Mittagessen: Es gibt Butterbrote
Nachmittags:
Ich arbeite bis 15.30 Uhr, um 17 Uhr findet in Düsseldorf eine Demo statt, zu der ich gehe. Um 16 Uhr hole ich dann die Kinder von Schule und Kita.
Um kurz vor 17 Uhr kommt der Mann heute nach Hause. Normalerweise kommt er zwischen 19-20 Uhr nach Hause und bringt dann die Kinder ins Bett. Heute soll er sie am Nachmittag betreuen und ist auch für das Erstellen des Abenbrotes zuständig.
Mütter-Solidarität
Die Schwägerin ruft im Laufe des Vormittags an, sie muss mit ihrem jüngsten spontan zum Arzt. Nichts ernstes, aber es muss, Ob ich ihre Große mit von der Schule abholen und zu Hause mit meinen Kindern spielen lassen kann? Klar, kann ich. Wir helfen uns gegenseitig und letztens waren meine Kinder ständig bei ihr. Ich bin dran. Bei dem strömenden Regen lasse ich die Kinder auch lieber zu Hause und gehe alleine zur Demo.
Da muss der Mann heute spontan mit 3 Kindern klar kommen. Das ist für ihn nicht das erste Mal.
Auf der Demo
Leicht verspätet komme ich auf der Demo an. Ich hab den Mann noch Einkaufen geschickt, weil ich nicht dazu gekommen bin. Darum kam er etwas verspätet.
„Wir sind gemeinsam stark“. Die Demo zum Frauenkampftag in Düsseldorf ist klein aber fein. Trotz Regen ziehen hier rund 150 Menschen mit Polizeieskorte über die Kö bis zum Landtag. Kleiner als in Hamburg oder Berlin, aber wir sind hier!
Abends:
Nach einer kleinen Irrfahrt mit den Öffis durch Düsseldorf komme ich zu Hause an. Das Abendessen ist schon fast zu Ende, die Kinder beginnen langsam ihr abendliches Durchdrehen. Der Mann übernimmt die Schicht im Badezimmer und ich räume den Tisch ab.

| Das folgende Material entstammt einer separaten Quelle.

lemma exists_eigenvector:
  fixes M :: cmat
  obtains v l where "v \<noteq> 0" "M *v v = l *s v"
proof -
  obtain l where "det (M - mat l) = 0" using char_poly_root by blast
  then obtain v where "v \<noteq> 0" "(M - mat l) *v v = 0" by (rule exists_kernel_vector)
  then show thesis using that[of v l] by (simp add: mat_diff_mult_vector)
qed

lemma common_eigenvector_of_invariant_kernel:
  fixes M A B :: cmat
  assumes "M \<noteq> 0" "det M = 0"
    and "\<And>u. M *v u = 0 \<Longrightarrow> M *v (A *v u) = 0" "\<And>u. M *v u = 0 \<Longrightarrow> M *v (B *v u) = 0"
  obtains v a b where "v \<noteq> 0" "A *v v = a *s v" "B *v v = b *s v"
proof -
  obtain u where u: "u \<noteq> 0" "M *v u = 0" using assms(2) by (rule exists_kernel_vector)
  obtain a where "A *v u = a *s u"
    using kernel_line[OF assms(1) u(2) assms(3)[OF u(2)] u(1)] .
  moreover obtain b where "B *v u = b *s u"
    using kernel_line[OF assms(1) u(2) assms(4)[OF u(2)] u(1)] .
  ultimately show thesis using that u(1) by blast
qed

lemma common_eigenvector_of_commuting:
  fixes A B :: cmat
  assumes "A ** B = B ** A"
  obtains v a b where "v \<noteq> 0" "A *v v = a *s v" "B *v v = b *s v"
proof -
  obtain u l where u: "u \<noteq> 0" "A *v u = l *s u" by (rule exists_eigenvector)
  show thesis
  proof (cases "A = mat l")
    case True
    obtain v b where "v \<noteq> 0" "B *v v = b *s v" by (rule exists_eigenvector)
    then show thesis using that[of v l b] True by (simp add: cmat_simps)
  next
    case False
    have "A *v (B *v u) = B *v (A *v u)"
      by (simp add: matrix_vector_mul_assoc assms)
    then have "(A - mat l) *v (B *v u) = 0"
      by (simp add: mat_diff_mult_vector u(2) vector_scalar_commute)
    moreover have "(A - mat l) *v u = 0" by (simp add: mat_diff_mult_vector u(2))
    ultimately obtain b where "B *v u = b *s u"
      using kernel_line[of "A - mat l" u "B *v u"] False u(1) by auto
    then show thesis using that u by blast
  qed
qed

lemma common_eigenvector_of_trace_commutator_2:
  fixes A B :: cmat
  assumes "det A = 1" "det B = 1" "trace (A ** B ** matrix_inv A ** matrix_inv B) = 2"
  obtains v a b where "v \<noteq> 0" "A *v v = a *s v" "B *v v = b *s v"
proof (cases "A ** B = B ** A")
  case True
  then show thesis using common_eigenvector_of_commuting that by blast
next
  case False
  have "det (A ** B - B ** A) = 0" using det_commutator[OF assms(1,2)] assms(3) by simp
  then show thesis
    using common_eigenvector_of_invariant_kernel[of "A ** B - B ** A" A B] False that
      commutator_kernel_invariant by auto
qed


section \<open>Traces of curves along a common eigenvector\<close>

lemma det1_eigenvalue:
  fixes M :: cmat
  assumes "det M = 1" "M *v v = \<mu> *s v" "v \<noteq> 0"
  shows "\<mu> \<noteq> 0" "trace M = \<mu> + 1 / \<mu>"
proof -
  have "M *v (M *v v) = trace M *s (M *v v) - det M *s v"
    by (simp add: cmat_simps algebra_simps)
  then have "(\<mu> * \<mu>) *s v = (trace M * \<mu> - 1) *s v"
    using assms(1,2) by (simp add: vector_scalar_commute vector_smult_assoc algebra_simps)
  then have char: "\<mu> * \<mu> = trace M * \<mu> - 1"
    using assms(3) by (metis vector_mul_rcancel)
  then show "\<mu> \<noteq> 0" by auto
  with char show "trace M = \<mu> + 1 / \<mu>" by (simp add: field_simps)
qed

lemma mpow_nat_eigenvector:
  fixes M :: cmat
  assumes "M *v v = m *s v"
  shows "mpow_nat M k *v v = m ^ k *s v"
  by (induction k)
    (simp_all add: mpow_nat_def flip: matrix_vector_mul_assoc,
     simp_all add: mpow_nat_def assms vector_scalar_commute vector_smult_assoc mult.commute)

lemma det_mpow_nat: "det (mpow_nat M k) = det M ^ k"
  by (induction k) (simp_all add: mpow_nat_def det_mul)

lemma matrix_inv_eigenvector:
  fixes A :: cmat
  assumes "det A = 1" "A *v v = a *s v" "a \<noteq> 0"
  shows "matrix_inv A *v v = inverse a *s v"
proof -
  have "v = adjugate2 A *v (A *v v)"
    using adjugate2_left_inverse[OF assms(1)] by (simp add: matrix_vector_mul_assoc)
  also have "\<dots> = a *s (adjugate2 A *v v)"
    by (simp add: assms(2) vector_scalar_commute)
  finally have "inverse a *s v = (inverse a * a) *s (adjugate2 A *v v)"
    by (metis vector_smult_assoc)
  then have "inverse a *s v = adjugate2 A *v v"
    using assms(3) by simp
  then show ?thesis using matrix_inv_eq_adjugate2[OF assms(1)] by simp
qed

lemma mpow_int_eigenvector:
  fixes A :: cmat
  assumes "det A = 1" "A *v v = a *s v" "a \<noteq> 0"
  shows "mpow_int A k *v v = a powi k *s v"
  using mpow_nat_eigenvector[OF assms(2)] mpow_nat_eigenvector[OF matrix_inv_eigenvector[OF assms]]
  by (simp add: mpow_int_def power_int_def power_inverse)

lemma det_mpow_int: "det (A::cmat) = 1 \<Longrightarrow> det (mpow_int A k) = 1"
  by (simp add: mpow_int_def det_mpow_nat matrix_inv_eq_adjugate2)

lemma foldl_word_eigenvector:
  fixes A B :: cmat
  assumes "det A = 1" "A *v v = a *s v" "a \<noteq> 0" "B *v v = b *s v"
  shows "foldl (\<lambda>M k. M ** mpow_int A (e k) ** B) (mat 1) ks *v v
    = (a powi (\<Sum>k\<leftarrow>ks. e k) * b ^ length ks) *s v"
proof (induction ks rule: rev_induct)
  case (snoc k ks)
  then show ?case
    by (simp add: assms mpow_int_eigenvector[OF assms(1-3)] power_int_add vector_scalar_commute
        vector_smult_assoc flip: matrix_vector_mul_assoc)
qed simp

lemma det_foldl_word:
  fixes A B :: cmat
  assumes "det A = 1" "det B = 1"
  shows "det (foldl (\<lambda>M k. M ** mpow_int A (e k) ** B) (mat 1) ks) = 1"
  by (induction ks rule: rev_induct) (simp_all add: det_mul det_mpow_int assms)

lemma sum_word_exponents:
  "(\<Sum>k\<leftarrow>[1..<n+1]. \<lfloor>of_int (int k * p) / (of_int q :: real)\<rfloor>
     - \<lfloor>of_int ((int k - 1) * p) / (of_int q :: real)\<rfloor>) = \<lfloor>of_int (int n * p) / (of_int q :: real)\<rfloor>"
  by (induction n) simp_all

lemma word_mat_eigenvector:
  assumes "det A = 1" "A *v v = a *s v" "a \<noteq> 0" "B *v v = b *s v" "q > 0"
  shows "word_mat A B p q *v v = (a powi p * b ^ q) *s v"
  unfolding word_mat_def foldl_word_eigenvector[OF assms(1-4)] sum_word_exponents
  using assms(5) by simp

lemma det_word_mat: "det A = 1 \<Longrightarrow> det B = 1 \<Longrightarrow> det (word_mat A B p q) = 1"
  unfolding word_mat_def by (rule det_foldl_word)

definition curve_class :: "rat option \<Rightarrow> int \<times> int" where
  "curve_class c = (case c of None \<Rightarrow> (1, 0) | Some r \<Rightarrow> quotient_of r)"

definition curve_mat :: "cmat \<Rightarrow> cmat \<Rightarrow> rat option \<Rightarrow> cmat" where
  "curve_mat A B c = (case c of None \<Rightarrow> A
     | Some r \<Rightarrow> word_mat A B (fst (quotient_of r)) (nat (snd (quotient_of r))))"

definition curve_eigenvalue :: "complex \<Rightarrow> complex \<Rightarrow> rat option \<Rightarrow> complex" where
  "curve_eigenvalue a b c = a powi fst (curve_class c) * b powi snd (curve_class c)"

definition class_pairing :: "real \<Rightarrow> real \<Rightarrow> rat option \<Rightarrow> real" where
  "class_pairing \<alpha> \<beta> c = \<alpha> * of_int (fst (curve_class c)) + \<beta> * of_int (snd (curve_class c))"

lemma tr_curve_eq_trace: "tr_curve A B c = trace (curve_mat A B c)"
  by (cases c) (auto simp: tr_curve_def curve_mat_def split: prod.split)

lemma det_curve_mat: "det A = 1 \<Longrightarrow> det B = 1 \<Longrightarrow> det (curve_mat A B c) = 1"
  by (cases c) (simp_all add: curve_mat_def det_word_mat)
lemma (in vec_space) non_distinct_cols_rank_less:
  assumes "A \<in> carrier_mat n nc" and "\<not> distinct (cols A)"
  shows "rank A < nc"
proof -
  obtain S where S: "maximal S (\<lambda>T. T \<subseteq> set (cols A) \<and> lin_indpt T)"
    using maximal_exists[of "(\<lambda>T. T \<subseteq> set (cols A) \<and> lin_indpt T)" "card (set (cols A))" "{}"]
    by (meson List.finite_set card_mono empty_iff empty_subsetI finite_lin_indpt2 rev_finite_subset)
  then have "card S \<le> card (set (cols A))" by (simp add: card_mono maximal_def)
  moreover have "card (set (cols A)) < nc"
    using assms card_distinct card_length cols_length carrier_matD(2) nat_less_le by metis
  ultimately show ?thesis using rank_card_indpt[OF assms(1) S] by simp
qed

lemma full_col_rank_imp_inj_mat:
  assumes "full_col_rank A"
  shows "inj_mat A"
  unfolding inj_mat_def
proof (intro ballI impI)
  let ?m = "dim_row A" and ?s = "dim_col A"
  have A: "A \<in> carrier_mat ?m ?s" by simp
  have rank: "vec_space.rank ?m A = ?s" using assms unfolding full_col_rank_def .
  fix v assume v: "v \<in> carrier_vec ?s" and Av: "A *\<^sub>v v = 0\<^sub>v ?m"
  show "v = 0\<^sub>v ?s"
  proof (rule ccontr)
    assume "v \<noteq> 0\<^sub>v ?s"
    show False
    proof (cases "distinct (cols A)")
      case True
      then show False
        using vec_space.lin_depI[OF A v \<open>v \<noteq> 0\<^sub>v ?s\<close> Av] vec_space.full_rank_lin_indpt[OF A rank] by blast
    next
      case False
      then show False using vec_space.non_distinct_cols_rank_less[OF A] rank by simp
    qed
  qed
qed

lemma inj_mat_cols_sub_subset:
  fixes A :: "'a :: comm_ring_1 mat"
  assumes A: "A \<in> carrier_mat m n" and TS: "T \<subseteq> S" and S: "S \<subseteq> {0..<n}"
    and inj: "inj_mat (cols_sub A S)"
  shows "inj_mat (cols_sub A T)"
proof -
  have T: "T \<subseteq> {0..<n}" using TS S by blast
  define E where "E = cols_sub (1\<^sub>m n :: 'a mat) T"
  define F where "F = submatrix E S UNIV"
  have E: "E \<in> carrier_mat n (card T)" unfolding E_def by (rule cols_sub_carrier[OF one_carrier_mat T])
  have F: "F \<in> carrier_mat (card S) (card T)" unfolding F_def by (rule submatrix_rows_carrier[OF E S])
  have AS: "cols_sub A S \<in> carrier_mat m (card S)" by (rule cols_sub_carrier[OF A S])
  have ES: "cols_sub (1\<^sub>m n :: 'a mat) S \<in> carrier_mat n (card S)" by (rule cols_sub_carrier[OF one_carrier_mat S])
  show ?thesis
    unfolding inj_mat_def
  proof (intro ballI impI)
    fix v assume "v \<in> carrier_vec (dim_col (cols_sub A T))"
      and Av: "cols_sub A T *\<^sub>v v = 0\<^sub>v (dim_row (cols_sub A T))"
    then have v: "v \<in> carrier_vec (card T)" and "cols_sub A S *\<^sub>v (F *\<^sub>v v) = 0\<^sub>v m"
      using cols_sub_carrier[OF A T] cols_sub_subset_factor[OF A TS S] AS F
      by (auto simp: F_def E_def assoc_mult_mat_vec)
    then have "F *\<^sub>v v = 0\<^sub>v (card S)" using inj AS F unfolding inj_mat_def by auto
    moreover have "E = cols_sub (1\<^sub>m n) S * F"
      unfolding E_def F_def by (rule cols_sub_subset_factor[OF one_carrier_mat TS S])
    ultimately have "E *\<^sub>v v = cols_sub (1\<^sub>m n) S *\<^sub>v 0\<^sub>v (card S)"
      using assoc_mult_mat_vec[OF ES F v] by simp
    also have "\<dots> = 0\<^sub>v n" using ES by auto
    finally have "E *\<^sub>v v = 0\<^sub>v n" .
    have "transpose_mat E * E = 1\<^sub>m (card T)"
      unfolding E_def by (rule transpose_cols_sub_one_mat_mult[OF T])
    then have "v = (transpose_mat E * E) *\<^sub>v v" using v by simp
    also have "\<dots> = transpose_mat E *\<^sub>v 0\<^sub>v n"
      using E v \<open>E *\<^sub>v v = 0\<^sub>v n\<close> by (simp add: assoc_mult_mat_vec)
    also have "\<dots> = 0\<^sub>v (card T)" using E by auto
    finally show "v = 0\<^sub>v (dim_col (cols_sub A T))"
      using cols_sub_carrier[OF A T] by simp
  qed
qed

lemma inj_mat_gram_invertible:
  fixes M :: "real mat"
  assumes M: "M \<in> carrier_mat m s" and inj: "inj_mat M"
  obtains C where "C \<in> carrier_mat s s"
    and "transpose_mat M * M * C = 1\<^sub>m s" and "C * (transpose_mat M * M) = 1\<^sub>m s"
proof -
  let ?G = "transpose_mat M * M"
  have G: "?G \<in> carrier_mat s s" using M by auto
  have "det ?G \<noteq> 0"
  proof
    assume "det ?G = 0"
    then obtain v where v: "v \<in> carrier_vec s" "v \<noteq> 0\<^sub>v s" "?G *\<^sub>v v = 0\<^sub>v s"
      using det_0_iff_vec_prod_zero_field[OF G] by blast
    have Mv: "M *\<^sub>v v \<in> carrier_vec m" using M v by auto
    have "(M *\<^sub>v v) \<bullet> (M *\<^sub>v v) = (?G *\<^sub>v v) \<bullet> v"
      using transpose_vec_mult_scalar[OF M v(1) Mv] assoc_mult_mat_vec[of _ s m M s v] M v by auto
    also have "\<dots> = 0" using v by simp
    finally have "M *\<^sub>v v = 0\<^sub>v m" using conjugate_square_eq_0_vec[OF Mv] by simp
    then show False using inj M v unfolding inj_mat_def by auto
  qed
  then obtain C where C: "C \<in> carrier_mat s s" "C * ?G = 1\<^sub>m s"
    using det_non_zero_imp_unit[OF G, of "()"] unfolding Units_def ring_mat_def by auto
  then show ?thesis using that mat_mult_left_right_inverse[OF C(1) G C(2)] by blast
qed

lemma pinv_inj_mat:
  assumes M: "M \<in> carrier_mat m s" and inj: "inj_mat M"
  shows "pinv M \<in> carrier_mat s m" and "pinv M * M = 1\<^sub>m s"
    and "transpose_mat (M * pinv M) = M * pinv M"
proof -
  let ?G = "transpose_mat M * M"
  obtain C where C: "C \<in> carrier_mat s s" "?G * C = 1\<^sub>m s" "C * ?G = 1\<^sub>m s"
    using inj_mat_gram_invertible[OF M inj] by blast
  have G: "?G \<in> carrier_mat s s" and MT: "transpose_mat M \<in> carrier_mat s m" using M by auto
  have C_sym: "transpose_mat C = C"
  proof -
    have GT: "transpose_mat ?G = ?G" using transpose_mult[OF MT M] by simp
    have CTG: "transpose_mat C * ?G = 1\<^sub>m s"
      using transpose_mult[OF G C(1)] C(2) GT by simp
    have "transpose_mat C = transpose_mat C * (?G * C)" using C by simp
    also have "\<dots> = (transpose_mat C * ?G) * C" using C G by (simp add: assoc_mult_mat[of _ s s _ s _ s])
    also have "\<dots> = C" using CTG C by simp
    finally show ?thesis .
  qed
  \<comment> \<open>the candidate (M^T M)^-1 M^T\<close>
  define B where "B = C * transpose_mat M"
  have B: "B \<in> carrier_mat s m" unfolding B_def using C MT by auto
  have BM: "B * M = 1\<^sub>m s"
    unfolding B_def using C M MT by (simp add: assoc_mult_mat[of _ s s _ s _ m])
  have MBM: "M * B * M = M" using BM M B by (simp add: assoc_mult_mat[of _ m s _ m _ s])
  have MB_sym: "transpose_mat (M * B) = M * B"
  proof -
    have "transpose_mat (M * B) = transpose_mat B * transpose_mat M" using transpose_mult[OF M B] .
    also have "transpose_mat B = M * C" unfolding B_def using transpose_mult[OF C(1) MT] C_sym by simp
    finally show ?thesis unfolding B_def using M C MT by (simp add: assoc_mult_mat[of _ m s _ s _ m])
  qed
  have unique: "B' = B" if B': "B' \<in> carrier_mat s m" "M * B' * M = M" "transpose_mat (M * B') = M * B'" for B'
  proof -
    have "?G * B' = transpose_mat (M * B' * M)"
      using M MT B' transpose_mult[of "M * B'" m m M s] by simp
    then have "?G * B' = transpose_mat M" using B' by simp
    then have "C * (?G * B') = B" unfolding B_def by simp
    moreover have "C * (?G * B') = B'" using C G B' by (simp add: assoc_mult_mat[of C s s ?G s B' m, symmetric])
    ultimately show ?thesis by simp
  qed
  have "pinv M = B"
    unfolding pinv_def
  proof (rule the_equality)
    show "B \<in> carrier_mat (dim_col M) (dim_row M) \<and> M * B * M = M \<and> B * M * B = B
        \<and> transpose_mat (M * B) = M * B \<and> transpose_mat (B * M) = B * M"
      using M B MBM BM MB_sym by simp
  next
    fix B' assume "B' \<in> carrier_mat (dim_col M) (dim_row M) \<and> M * B' * M = M \<and> B' * M * B' = B'
        \<and> transpose_mat (M * B') = M * B' \<and> transpose_mat (B' * M) = B' * M"
    then show "B' = B" using M by (intro unique) auto
  qed
  then show "pinv M \<in> carrier_mat s m" "pinv M * M = 1\<^sub>m s" "transpose_mat (M * pinv M) = M * pinv M"
    using B BM MB_sym by auto
qed

lemma residual_in_col_range:
  fixes A :: "'a :: comm_ring_1 mat"
  assumes A: "A \<in> carrier_mat m s" and F: "F \<in> carrier_mat s t" and L: "L \<in> carrier_mat t m"
    and W: "W \<in> carrier_mat s k"
  shows "(1\<^sub>m m - A * F * L) * (A * W) = A * (W - F * (L * (A * W)))"
proof -
  have AW: "A * W \<in> carrier_mat m k" and LAW: "L * (A * W) \<in> carrier_mat t k"
    and AFL: "A * F * L \<in> carrier_mat m m" and FLAW: "F * (L * (A * W)) \<in> carrier_mat s k"
    using A F L W by auto
  have "(1\<^sub>m m - A * F * L) * (A * W) = A * W - A * F * L * (A * W)"
    using left_mult_one_mat[OF AW] minus_mult_distrib_mat[OF one_carrier_mat AFL AW] by simp
  also have "A * F * L * (A * W) = A * (F * (L * (A * W)))"
    using assoc_mult_mat[OF mult_carrier_mat[OF A F] L AW] assoc_mult_mat[OF A F LAW] by simp
  also have "A * W - \<dots> = A * (W - F * (L * (A * W)))"
    using mult_minus_distrib_mat[OF A W FLAW] by simp
  finally show ?thesis .
qed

Fazit Weltfrauentag – Ein Tag ohne mich
Der Tag war heute ein Tag mit mir, weil ich die Kinder morgens mit dem Mann gemeinsam für Schule und Kita fertig gemacht habe und sie nachmittags abgeholt habe. Außerdem habe ich gearbeitet.
Als Selbständige kann ich nicht auf einen Arbeitstag und somit auf das Honorar verzichten, der Mann als vollzeit Selbständiger ebensowenig. Ein Streik würde uns vorallem selbst treffen.
Für die Demo ist der Mann extra früher nach Hause gekommen. Die paar Nachmittags- und Abendstunden ist der Mann natürlich problemlos zurecht gekommen. Allerdings musste ich ihm mitteilen, dass wir ein paar Lebensmittel brauchen, die er bitte kaufen sollte und ich habe die Organisation mit Besuchskind etc. übernommen. Das ist Teil meines Jobs, das liegt ganz klassisch bei mir. Ich bin die, die nachmittags immer da ist und somit für die Sozialkontakte der Kinder und der Eltern ihrer Freunde zuständig ist.
Der Mann hatte mir auch angeboten, komplett streiken zu können. Dann hätte er komplett gemacht, in der Schulzeit von zu Hause aus gearbeitet und dann die Nachmittags- und Abendschicht von mir übernommen. Da kein Kundentermin an stand (er ist ebenfalls selbständig) wäre das möglich gewesen. Da ich aber keine weiteren Termine hatte und die Demo erst ab 17 Uhr angesetzt war, habe ich darauf verzichtet.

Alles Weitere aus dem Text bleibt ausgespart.